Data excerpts
==============================

(* Let $q\in\mathbb{C}^\times$ be not a root of unity, $n\ge2$, $\mathbf{Q}=(Q_1,\dots,Q_{n-1})\in\mathbb{C}^{n-1}$. Every one-dimensional $U_q(\mathfrak{sl}_n^{\langle\mathbf{Q}\rangle}[x])$-module is isomorphic to $\mathcal{D}^{\langle\mathbf{Q}\rangle}_{\boldsymbol\beta}$ for some $\boldsymbol\beta\in\mathbb{B}^{\langle\mathbf{Q}\rangle}$.
   Context: Let $I=\{1,\dots,n-1\}$, $(a_{ij})$ the Cartan matrix of type $A_{n-1}$, $[k]=(q^k-q^{-k})/(q-q^{-1})$, $[x,y]=xy-yx$. $U_q(\mathfrak{sl}_n^{\langle\mathbf{Q}\rangle}[x])$ is the $\mathbb{C}$-algebra with generators $X^{\pm}_{i,t},J_{i,t},K_i^{\pm}$ ($i\in I,t\ge0$) and relations: all $K_i^+$, $J_{j,t}$ pairwise commute; $K_i^+K_i^-=1=K_i^-K_i^+$; $(K_i^-)^2=1-(q-q^{-1})J_{i,0}$; $X^{\pm}_{i,t+1}X^{\pm}_{j,s}-q^{\pm a_{ij}}X^{\pm}_{j,s}X^{\pm}_{i,t+1}=q^{\pm a_{ij}}X^{\pm}_{i,t}X^{\pm}_{j,s+1}-X^{\pm}_{j,s+1}X^{\pm}_{i,t}$; $K_i^+X^{\pm}_{j,t}K_i^-=q^{\pm a_{ij}}X^{\pm}_{j,t}$; $q^{\pm a_{ij}}J_{i,0}X^{\pm}_{j,t}-q^{\mp a_{ij}}X^{\pm}_{j,t}J_{i,0}=[\pm a_{ij}]X^{\pm}_{j,t}$; $[J_{i,s+1},X^{\pm}_{j,t}]=q^{\pm a_{ij}}J_{i,s}X^{\pm}_{j,t+1}-q^{\mp a_{ij}}X^{\pm}_{j,t+1}J_{i,s}$; $[X^+_{i,t},X^-_{j,s}]=\delta_{ij}K_i^+(J_{i,s+t}-Q_iJ_{i,s+t+1})$; $[X^\pm_{i,t},X^\pm_{j,s}]=0$ if $j\ne i,i\pm1$; $X^{\pm}_{i\pm1,u}(X^{\pm}_{i,s}X^{\pm}_{i,t}+X^{\pm}_{i,t}X^{\pm}_{i,s})+(X^{\pm}_{i,s}X^{\pm}_{i,t}+X^{\pm}_{i,t}X^{\pm}_{i,s})X^{\pm}_{i\pm1,u}=(q+q^{-1})(X^{\pm}_{i,s}X^{\pm}_{i\pm1,u}X^{\pm}_{i,t}+X^{\pm}_{i,t}X^{\pm}_{i\pm1,u}X^{\pm}_{i,s})$. $\mathbb{B}^{\langle\mathbf{Q}\rangle}=\prod_{i\in I}\mathbb{B}^{\langle Q_i\rangle}$ with $\mathbb{B}^{\langle Q\rangle}=\{\pm1\}$ if $Q=0$ and $\mathbb{C}^\times$ if $Q\ne0$. For $\boldsymbol\beta=(\beta_i)\in\mathbb{B}^{\langle\mathbf{Q}\rangle}$, $\mathcal{D}^{\langle\mathbf{Q}\rangle}_{\boldsymbol\beta}=\mathbb{C}v$ is the one-dimensional module with $X^\pm_{i,t}v=0$, $K_i^\pm v=\beta_i^{\pm1}v$, and $J_{i,t}v=0$ if $Q_i=0$, $J_{i,t}v=\frac{1-\beta_i^{-2}}{q-q^{-1}}Q_i^{-t}v$ if $Q_i\ne0$ ($i\in I$, $t\ge0$); this is a well-defined module. *)

theory Defs
  imports Complex_Main
begin

definition cartan :: "nat \<Rightarrow> nat \<Rightarrow> int" where
  "cartan i j = (if i = j then 2 else if j = i + 1 \<or> i = j + 1 then -1 else 0)"

definition qint :: "complex \<Rightarrow> int \<Rightarrow> complex" where
  "qint q k = (q powi k - q powi (-k)) / (q - inverse q)"

text \<open>X e i t is the action of X^+_{i,t} for e = 1 and of X^-_{i,t} for e = -1;
  J i t, Kp i, Km i are the actions of J_{i,t}, K_i^+, K_i^-.\<close>
definition is_Uq_module ::
  "complex \<Rightarrow> nat \<Rightarrow> (nat \<Rightarrow> complex) \<Rightarrow> (complex \<Rightarrow> 'v::ab_group_add \<Rightarrow> 'v)
   \<Rightarrow> (int \<Rightarrow> nat \<Rightarrow> nat \<Rightarrow> 'v \<Rightarrow> 'v) \<Rightarrow> (nat \<Rightarrow> nat \<Rightarrow> 'v \<Rightarrow> 'v)
   \<Rightarrow> (nat \<Rightarrow> 'v \<Rightarrow> 'v) \<Rightarrow> (nat \<Rightarrow> 'v \<Rightarrow> 'v) \<Rightarrow> bool" where
  "is_Uq_module q n Q s X J Kp Km \<longleftrightarrow>
   (let I = {1..n-1}; S = {1, -1::int} in
    (\<forall>e\<in>S. \<forall>i\<in>I. \<forall>t. Vector_Spaces.linear s s (X e i t)) \<and>
    (\<forall>i\<in>I. \<forall>t. Vector_Spaces.linear s s (J i t)) \<and>
    (\<forall>i\<in>I. Vector_Spaces.linear s s (Kp i) \<and> Vector_Spaces.linear s s (Km i)) \<and>
    (\<forall>i\<in>I. \<forall>j\<in>I. \<forall>v. Kp i (Kp j v) = Kp j (Kp i v)) \<and>
    (\<forall>i\<in>I. \<forall>j\<in>I. \<forall>t v. Kp i (J j t v) = J j t (Kp i v)) \<and>
    (\<forall>i\<in>I. \<forall>j\<in>I. \<forall>s' t v. J i s' (J j t v) = J j t (J i s' v)) \<and>
    (\<forall>i\<in>I. \<forall>v. Kp i (Km i v) = v \<and> Km i (Kp i v) = v) \<and>
    (\<forall>i\<in>I. \<forall>v. Km i (Km i v) = v - s (q - inverse q) (J i 0 v)) \<and>
    (\<forall>e\<in>S. \<forall>i\<in>I. \<forall>j\<in>I. \<forall>t u v.
        X e i (t+1) (X e j u v) - s (q powi (e * cartan i j)) (X e j u (X e i (t+1) v))
      = s (q powi (e * cartan i j)) (X e i t (X e j (u+1) v)) - X e j (u+1) (X e i t v)) \<and>
    (\<forall>e\<in>S. \<forall>i\<in>I. \<forall>j\<in>I. \<forall>t v.
        Kp i (X e j t (Km i v)) = s (q powi (e * cartan i j)) (X e j t v)) \<and>
    (\<forall>e\<in>S. \<forall>i\<in>I. \<forall>j\<in>I. \<forall>t v.
        s (q powi (e * cartan i j)) (J i 0 (X e j t v)) - s (q powi (- e * cartan i j)) (X e j t (J i 0 v))
      = s (qint q (e * cartan i j)) (X e j t v)) \<and>
    (\<forall>e\<in>S. \<forall>i\<in>I. \<forall>j\<in>I. \<forall>u t v.
        J i (u+1) (X e j t v) - X e j t (J i (u+1) v)
      = s (q powi (e * cartan i j)) (J i u (X e j (t+1) v))
        - s (q powi (- e * cartan i j)) (X e j (t+1) (J i u v))) \<and>
    (\<forall>i\<in>I. \<forall>j\<in>I. \<forall>t u v.
        X 1 i t (X (-1) j u v) - X (-1) j u (X 1 i t v)
      = (if i = j then Kp i (J i (u+t) v - s (Q i) (J i (u+t+1) v)) else 0)) \<and>
    (\<forall>e\<in>S. \<forall>i\<in>I. \<forall>j\<in>I. \<forall>t u v. j \<noteq> i \<and> j \<noteq> i + 1 \<and> j + 1 \<noteq> i \<longrightarrow>
        X e i t (X e j u v) = X e j u (X e i t v)) \<and>
    (\<forall>e\<in>S. \<forall>i\<in>I. \<forall>j\<in>I. \<forall>u t w v. (j = i + 1 \<or> j + 1 = i) \<longrightarrow>
        (let P = (\<lambda>x. X e i u (X e i t x) + X e i t (X e i u x)) in
         X e j w (P v) + P (X e j w v)
       = s (q + inverse q) (X e i u (X e j w (X e i t v)) + X e i t (X e j w (X e i u v))))))"

definition in_BQ :: "nat \<Rightarrow> (nat \<Rightarrow> complex) \<Rightarrow> (nat \<Rightarrow> complex) \<Rightarrow> bool" where
  "in_BQ n Q \<beta> \<longleftrightarrow> (\<forall>i\<in>{1..n-1}. if Q i = 0 then \<beta> i \<in> {1, -1} else \<beta> i \<noteq> 0)"

text \<open>The scalar by which J_{i,t} acts on D_beta.\<close>
definition D_J :: "complex \<Rightarrow> (nat \<Rightarrow> complex) \<Rightarrow> (nat \<Rightarrow> complex) \<Rightarrow> nat \<Rightarrow> nat \<Rightarrow> complex" where
  "D_J q Q \<beta> i t = (if Q i = 0 then 0
      else (1 - inverse (\<beta> i ^ 2)) / (q - inverse q) * inverse (Q i ^ t))"

text \<open>('v, s) with the given action is isomorphic to D_beta = C (with scalar action):
  a bijective C-linear intertwiner to C.\<close>
definition iso_to_D ::
  "complex \<Rightarrow> nat \<Rightarrow> (nat \<Rightarrow> complex) \<Rightarrow> (complex \<Rightarrow> 'v::ab_group_add \<Rightarrow> 'v)
   \<Rightarrow> (int \<Rightarrow> nat \<Rightarrow> nat \<Rightarrow> 'v \<Rightarrow> 'v) \<Rightarrow> (nat \<Rightarrow> nat \<Rightarrow> 'v \<Rightarrow> 'v)
   \<Rightarrow> (nat \<Rightarrow> 'v \<Rightarrow> 'v) \<Rightarrow> (nat \<Rightarrow> 'v \<Rightarrow> 'v) \<Rightarrow> (nat \<Rightarrow> complex) \<Rightarrow> bool" where
  "iso_to_D q n Q s X J Kp Km \<beta> \<longleftrightarrow>
   (\<exists>\<phi> :: 'v \<Rightarrow> complex. Vector_Spaces.linear s (*) \<phi> \<and> bij \<phi> \<and>
     (\<forall>i\<in>{1..n-1}. \<forall>v.
        (\<forall>e\<in>{1,-1::int}. \<forall>t. \<phi> (X e i t v) = 0) \<and>
        \<phi> (Kp i v) = \<beta> i * \<phi> v \<and>
        \<phi> (Km i v) = inverse (\<beta> i) * \<phi> v \<and>
        (\<forall>t. \<phi> (J i t v) = D_J q Q \<beta> i t * \<phi> v)))"

end

(* In a one-dimensional module every generator acts by a scalar, so the defining relations
   become identities between complex numbers.  For i = j the relation between J_{i,0} and
   X^{+-}_{i,t} shows that a nonzero scalar for X^{+-}_{i,t} would force J_{i,0} to act by
   1/(q - q^-1); then (K_i^-)^2 = 1 - (q - q^-1) J_{i,0} would act by 0, although K_i^- is
   invertible.  Hence every X^{+-}_{i,t} acts by 0, and the commutator [X^+_{i,0}, X^-_{i,u}]
   yields J_{i,u} = Q_i J_{i,u+1}.  Together with the value of J_{i,0} read off from (K_i^-)^2,
   this determines every J_{i,t} from the eigenvalue beta_i of K_i^+, and for Q_i = 0 it gives
   J_{i,0} = 0, i.e. beta_i^2 = 1. *)

theory Submission
  imports Defs
begin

==============================

Task goal> Could you set down exactly the lines above, from the one containing "beta_i^2 = 1. *)" through the last, including both and nothing else?

The completed task>
   J_{i,0} = 0, i.e. beta_i^2 = 1. *)

theory Submission
  imports Defs
begin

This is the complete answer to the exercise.